身体に電気が走り、しゃがみこんでしまう。
「これって愛液だよね。そんなに縛られるのがいいんだぁ」
「ね、言ったでしょ?根っからのマゾなのよこの子は」
「私は…」
否定できない。
気付いてしまったのだ、本当の自分に。
「ねえ佳美、普段は沙佑里にどんなことしてるの?」
「そうね、色々あるけど…見たい?」
「うん、見たい見たい!」
「じゃあ沙佑里、今から私のいう事を復唱しなさい」
「は、はい」
「沙佑里は、いやらしい変態マゾです」
「さ、沙佑里は…」
口が渇く。
「い、いや、いやらしい、ヘンタイ、マゾです…」
頭の奥が溶けそうになる。
「どうか、この惨めなメス犬を佳美様の手で躾けてください」
「ミジメ、な、こ、この、ミジメなメス犬を、よ、佳美、佳美…」
「慌てなくていいの。ゆっくりでいいのよ」
「この、ミジメなメス犬を、佳美様の手で、躾けてくださいませ」
「うわぁ、うわぁ…」
「よく言えたわ、いい子ね」
「ねえ佳美、私も何かやらせていい?」
「うん、いいよ」
「じゃあ…沙佑里、私にもお願いしなさい」
「は、い。詩織様の手で、どうかこのミジメなメス犬を躾けてくださいませ」
「分かったわ。特別にアンタの相手してあげる」
「あ、ありがとうございます」
「さっき自分の部屋でしてた事、私達の前でもしてみなさいよ」
手の紐が解かれ、替わりに何かを握らされた。
視界は遮られているが、これが何かは容易に理解できた。
「さあ、早く」
「分かり、ました」
靴下を鼻に近づける。
決心して、肺一杯にニオイを吸い込んだ。
もう片方の手で秘部に触れようとする。
「待って。その前にここで誓いなさい。学校以外の場所では何でも私達のいう事を聞きなさい。それと、呼ばれたらすぐに駆けつける事。それが約束できるならオナニーを許可してあげる」
「約束します。詩織様、佳美様」
「証拠に写真撮っておくよ。私の靴下を嗅ぎながら全裸でオナってる沙佑里の姿」
「は、はい…」
「じゃあ、始めていいよ」
こうして私は佳美様と詩織様の奴隷になった。
約束通り、呼ばれたらどんな時にも駈けつけどんな命令にも従った。
家での立場も佳美様のほうが完全に上になったし、詩織様も私に遠慮するのは部活の時くらいだった。
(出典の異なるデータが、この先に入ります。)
(* Let $n\ge 1$ with $n\not\equiv 1 \pmod 3$, and consider peg solitaire on the triangular board $T_n$. If a sequence of jumps on $T_n$ ends in a board position with exactly one peg, then none of the board positions occurring in this sequence (including the initial one) has $120^\circ$ rotational symmetry, i.e., no such position $P$ satisfies $P(r(h))=P(h)$ for every hole $h$, where $r(x,y)=(y-x,\,n-1-x)$.
   Context: The triangular board $T_n$ is the set of holes with integer skew coordinates $(x,y)$ satisfying $0\le x\le y\le n-1$. A board position $P$ assigns to each hole $h$ either a peg or no peg. A jump takes a peg at hole $p$, jumps it over a peg at an adjacent hole $p+d$ into an empty hole $p+2d$, where $d$ is one of the six directions $(\pm1,0)$, $(0,\pm1)$, $(1,1)$, $(-1,-1)$ and all three holes lie in $T_n$; the jumped-over peg is removed. The map $r(x,y)=(y-x,n-1-x)$ is the counterclockwise rotation of $T_n$ by $120^\circ$ in skew coordinates; a position has $120^\circ$ rotational symmetry if it is invariant under $r$. *)

theory Defs
  imports Main
begin

type_synonym hole = "int \<times> int"
type_synonym position = "hole \<Rightarrow> bool"  (* True = peg *)

definition board :: "nat \<Rightarrow> hole set" where
  "board n = {(x, y). 0 \<le> x \<and> x \<le> y \<and> y \<le> int n - 1}"

definition is_position :: "nat \<Rightarrow> position \<Rightarrow> bool" where
  "is_position n P \<longleftrightarrow> (\<forall>h. P h \<longrightarrow> h \<in> board n)"

definition directions :: "hole set" where
  "directions = {(1,0), (-1,0), (0,1), (0,-1), (1,1), (-1,-1)}"

definition hadd :: "hole \<Rightarrow> hole \<Rightarrow> hole" where
  "hadd a b = (fst a + fst b, snd a + snd b)"

definition hscale :: "int \<Rightarrow> hole \<Rightarrow> hole" where
  "hscale k d = (k * fst d, k * snd d)"

definition jump :: "nat \<Rightarrow> position \<Rightarrow> position \<Rightarrow> bool" where
  "jump n P Q \<longleftrightarrow> (\<exists>p d. d \<in> directions \<and>
      p \<in> board n \<and> hadd p d \<in> board n \<and> hadd p (hscale 2 d) \<in> board n \<and>
      P p \<and> P (hadd p d) \<and> \<not> P (hadd p (hscale 2 d)) \<and>
      Q = P(p := False, hadd p d := False, hadd p (hscale 2 d) := True))"

definition rot :: "nat \<Rightarrow> hole \<Rightarrow> hole" where
  "rot n h = (snd h - fst h, int n - 1 - fst h)"

definition rot_symmetric :: "nat \<Rightarrow> position \<Rightarrow> bool" where
  "rot_symmetric n P \<longleftrightarrow> (\<forall>h \<in> board n. P (rot n h) = P h)"

definition jump_sequence :: "nat \<Rightarrow> position list \<Rightarrow> bool" where
  "jump_sequence n Ps \<longleftrightarrow> Ps \<noteq> [] \<and> is_position n (hd Ps) \<and>
     (\<forall>i. Suc i < length Ps \<longrightarrow> jump n (Ps ! i) (Ps ! Suc i))"

definition one_peg :: "nat \<Rightarrow> position \<Rightarrow> bool" where
  "one_peg n P \<longleftrightarrow> card {h \<in> board n. P h} = 1"

end

theory Submission
  imports Defs
begin

text \<open>Colour the hole \<open>(x, y)\<close> with \<open>(x + y) mod 3\<close>. The three holes involved in a jump carry
  three different colours, so every jump flips the parity of the number of pegs of each colour,
  and "all three colour counts have the same parity" is invariant along a jump sequence.
  A single peg violates this invariant. The rotation \<open>r\<close> shifts colours by \<open>n - 1\<close>, which is a
  nonzero residue modulo 3 when \<open>n mod 3 \<noteq> 1\<close>; hence a symmetric position has equally many pegs
  of each colour and satisfies the invariant.\<close>

definition colour :: "hole \<Rightarrow> int" where
  "colour h = (fst h + snd h) mod 3"

definition colour_count :: "nat \<Rightarrow> position \<Rightarrow> int \<Rightarrow> nat" where
  "colour_count n P c = card {h \<in> board n. P h \<and> colour h = c}"

definition equal_colour_parity :: "nat \<Rightarrow> position \<Rightarrow> bool" where
  "equal_colour_parity n P \<longleftrightarrow>
     (\<forall>c \<in> {0, 1, 2}. \<forall>c' \<in> {0, 1, 2}. even (colour_count n P c) = even (colour_count n P c'))"

lemma finite_board: "finite (board n)"
proof -
  have "board n \<subseteq> {0..int n - 1} \<times> {0..int n - 1}"
    by (auto simp: board_def)
  then show ?thesis
    by (rule finite_subset) auto
qed

lemma colour_range: "colour h \<in> {0, 1, 2}"
  unfolding colour_def by auto

lemma colour_hadd_hscale: "colour (hadd p (hscale k d)) = (colour p + k * (fst d + snd d)) mod 3"
proof -
  have "colour (hadd p (hscale k d)) = (fst p + snd p + k * (fst d + snd d)) mod 3"
    by (simp add: colour_def hadd_def hscale_def algebra_simps)
  then show ?thesis
    unfolding colour_def by (simp add: mod_add_left_eq)
qed

lemma colour_rot: "colour (rot n h) = (colour h + int n - 1) mod 3"
proof -
  have "snd h - fst h + (int n - 1 - fst h) = fst h + snd h + (int n - 1) + 3 * (- fst h)"
    by simp
  then have "colour (rot n h) = (fst h + snd h + (int n - 1)) mod 3"
    unfolding colour_def rot_def by (simp only: fst_conv snd_conv mod_mult_self2)
  then show ?thesis
    unfolding colour_def by (metis add_diff_eq mod_add_left_eq)
qed

lemma rot_in_board: "h \<in> board n \<Longrightarrow> rot n h \<in> board n"
  by (auto simp: board_def rot_def)

lemma inj_on_rot: "inj_on (rot n) A"
  by (auto simp: inj_on_def rot_def prod_eq_iff)

lemma direction_sum_not_dvd_3: "d \<in> directions \<Longrightarrow> \<not> 3 dvd (fst d + snd d)"
  by (auto simp: directions_def)

lemma even_card_jump_update_iff:
  assumes "finite B" "a \<in> B" "b \<in> B" "e \<in> B" "P a" "P b" "\<not> P e"
    and "f a \<noteq> f b" "f a \<noteq> f e" "f b \<noteq> f e" "c \<in> {f a, f b, f e}"
  shows "even (card {h \<in> B. (P(a := False, b := False, e := True)) h \<and> f h = c})
     \<longleftrightarrow> odd (card {h \<in> B. P h \<and> f h = c})"
proof -
  let ?S = "{h \<in> B. P h \<and> f h = c}"
  have "finite ?S"
    using assms(1) by simp
  consider "f a = c" | "f b = c" | "f e = c"
    using assms(11) by blast
  then show ?thesis
  proof cases
    case 1
    then have "a \<in> ?S" and "card ?S > 0"
      using assms \<open>finite ?S\<close> card_gt_0_iff by blast+
    moreover have "{h \<in> B. (P(a := False, b := False, e := True)) h \<and> f h = c} = ?S - {a}"
      using 1 assms by auto
    ultimately show ?thesis
      by (simp add: card_Diff_singleton)
  next
    case 2
    then have "b \<in> ?S" and "card ?S > 0"
      using assms \<open>finite ?S\<close> card_gt_0_iff by blast+
    moreover have "{h \<in> B. (P(a := False, b := False, e := True)) h \<and> f h = c} = ?S - {b}"
      using 2 assms by auto
    ultimately show ?thesis
      by (simp add: card_Diff_singleton)
  next
    case 3
    then have "{h \<in> B. (P(a := False, b := False, e := True)) h \<and> f h = c} = insert e ?S"
      using assms by auto
    moreover have "e \<notin> ?S"
      using assms(7) by simp
    ultimately show ?thesis
      using \<open>finite ?S\<close> by simp
  qed
qed

lemma jump_flips_colour_parity:
  assumes "jump n P Q" "c \<in> {0, 1, 2}"
  shows "even (colour_count n Q c) \<longleftrightarrow> odd (colour_count n P c)"
proof -
  obtain p d where d: "d \<in> directions"
    and in_board: "p \<in> board n" "hadd p d \<in> board n" "hadd p (hscale 2 d) \<in> board n"
    and pegs: "P p" "P (hadd p d)" "\<not> P (hadd p (hscale 2 d))"
    and Q: "Q = P(p := False, hadd p d := False, hadd p (hscale 2 d) := True)"
    using assms(1) unfolding jump_def by blast
  have "hadd p d = hadd p (hscale 1 d)"
    by (simp add: hscale_def)
  then have colours: "colour (hadd p d) = (colour p + (fst d + snd d)) mod 3"
    "colour (hadd p (hscale 2 d)) = (colour p + 2 * (fst d + snd d)) mod 3"
    using colour_hadd_hscale by simp_all
  have "colour p \<in> {0, 1, 2}" "\<not> 3 dvd (fst d + snd d)"
    using colour_range direction_sum_not_dvd_3[OF d] by simp_all
  then have distinct: "colour p \<noteq> colour (hadd p d)" "colour p \<noteq> colour (hadd p (hscale 2 d))"
      "colour (hadd p d) \<noteq> colour (hadd p (hscale 2 d))"
    unfolding colours by presburger+
  then have "c \<in> {colour p, colour (hadd p d), colour (hadd p (hscale 2 d))}"
    using assms(2) colour_range[of p] colour_range[of "hadd p d"]
      colour_range[of "hadd p (hscale 2 d)"] by auto
  then show ?thesis
    unfolding colour_count_def Q
    using even_card_jump_update_iff[OF finite_board in_board pegs distinct] by blast
qed

lemma jump_preserves_equal_colour_parity:
  "jump n P Q \<Longrightarrow> equal_colour_parity n Q = equal_colour_parity n P"
  unfolding equal_colour_parity_def using jump_flips_colour_parity by blast

lemma jump_sequence_invariant:
  assumes "jump_sequence n Ps" and "\<And>P Q. jump n P Q \<Longrightarrow> I Q = I P" and "P \<in> set Ps"
  shows "I P = I (last Ps)"
proof -
  have "Ps \<noteq> []" and jumps: "\<And>i. Suc i < length Ps \<Longrightarrow> jump n (Ps ! i) (Ps ! Suc i)"
    using assms(1) unfolding jump_sequence_def by auto
  have from_head: "i < length Ps \<Longrightarrow> I (Ps ! i) = I (Ps ! 0)" for i
    by (induction i) (use jumps assms(2) in fastforce)+
  obtain i where "i < length Ps" "P = Ps ! i"
    using assms(3) by (metis in_set_conv_nth)
  then show ?thesis
    using from_head[of i] from_head[of "length Ps - 1"] \<open>Ps \<noteq> []\<close> by (simp add: last_conv_nth)
qed

lemma one_peg_not_equal_colour_parity:
  assumes "one_peg n P"
  shows "\<not> equal_colour_parity n P"
proof -
  obtain h0 where "{h \<in> board n. P h} = {h0}"
    using assms unfolding one_peg_def by (meson card_1_singletonE)
  then have "{h \<in> board n. P h \<and> colour h = c} = (if colour h0 = c then {h0} else {})" for c
    by auto
  then have "colour_count n P c = (if colour h0 = c then 1 else 0)" for c
    unfolding colour_count_def by simp
  then show ?thesis
    using colour_range[of h0] unfolding equal_colour_parity_def by auto
qed

lemma rot_symmetric_colour_count_le:
  assumes "rot_symmetric n P"
  shows "colour_count n P c \<le> colour_count n P ((c + int n - 1) mod 3)"
proof -
  have "rot n ` {h \<in> board n. P h \<and> colour h = c}
      \<subseteq> {h \<in> board n. P h \<and> colour h = (c + int n - 1) mod 3}"
    using assms by (auto simp: rot_symmetric_def rot_in_board colour_rot)
  then show ?thesis
    unfolding colour_count_def
    by (intro card_inj_on_le[OF inj_on_rot]) (auto intro: finite_subset[OF _ finite_board])
qed

lemma rot_symmetric_equal_colour_counts:
  assumes "rot_symmetric n P" and "n mod 3 \<noteq> 1"
  shows "colour_count n P 0 = colour_count n P 1 \<and> colour_count n P 1 = colour_count n P 2"
proof -
  note le = rot_symmetric_colour_count_le[OF assms(1)]
  have "(int n - 1) mod 3 = 1 \<or> (int n - 1) mod 3 = 2"
    using assms(2) by presburger
  then consider "(int n - 1) mod 3 = 1" | "(int n - 1) mod 3 = 2"
    by blast
  then show ?thesis
  proof cases
    case 1
    then have "(0 + int n - 1) mod 3 = 1" "(1 + int n - 1) mod 3 = 2" "(2 + int n - 1) mod 3 = 0"
      by presburger+
    then show ?thesis
      using le[of 0] le[of 1] le[of 2] by simp
  next
    case 2
    then have "(0 + int n - 1) mod 3 = 2" "(1 + int n - 1) mod 3 = 0" "(2 + int n - 1) mod 3 = 1"
      by presburger+
    then show ?thesis
      using le[of 0] le[of 1] le[of 2] by simp
  qed
qed

theorem theorem2p3:
  fixes n :: nat and Ps :: "position list"
  assumes "n \<ge> 1" and "n mod 3 \<noteq> 1"
    and "jump_sequence n Ps"
    and "one_peg n (last Ps)"
  shows "\<forall>P \<in> set Ps. \<not> rot_symmetric n P"
proof (intro ballI notI)
  fix P
  assume "P \<in> set Ps" and "rot_symmetric n P"
  then have "equal_colour_parity n P"
    using rot_symmetric_equal_colour_counts[OF _ assms(2)]
    unfolding equal_colour_parity_def by auto
  moreover have "equal_colour_parity n P = equal_colour_parity n (last Ps)"
    using jump_sequence_invariant[OF assms(3) jump_preserves_equal_colour_parity \<open>P \<in> set Ps\<close>] .
  ultimately show False
    using one_peg_not_equal_colour_parity[OF assms(4)] by simp
qed

end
ある時、昔からこうしたかったと佳美様が漏らしたことがある。
だから私を嵌めたのだと。
しかし今となってはそうでもいい事だった。
いう事を聞くご褒美に、時々二人から躾けて頂くのが何よりの楽しみになった。
今度は後輩の皆も集めてやろうという話が出ている。
それだけは許してくださいと言いつつも、期待している自分がいるのだ。
<了>


続きは近いうちにUPしますと言っておきながら遅くなってしまいました。
色々ありまして…
待っていてくださった方ごめんなさい。
当初は連載の形にしようと思っていたのですが、2話完結という事になりました。
一応それなりに仕上がったとは思うのですが、いかがでしょうか?
ただ、続きものを書くのは精神的によろしくないようで(笑)あまり伸び伸び書けなかった気がします。
続き物を載せる場合は全て書きあがってからにしようと思いました。
ですので今後しばらくは短編中心になるかもしれません。
それと、web拍手を送って下さった方ありがとうございます。
大変励みになりました!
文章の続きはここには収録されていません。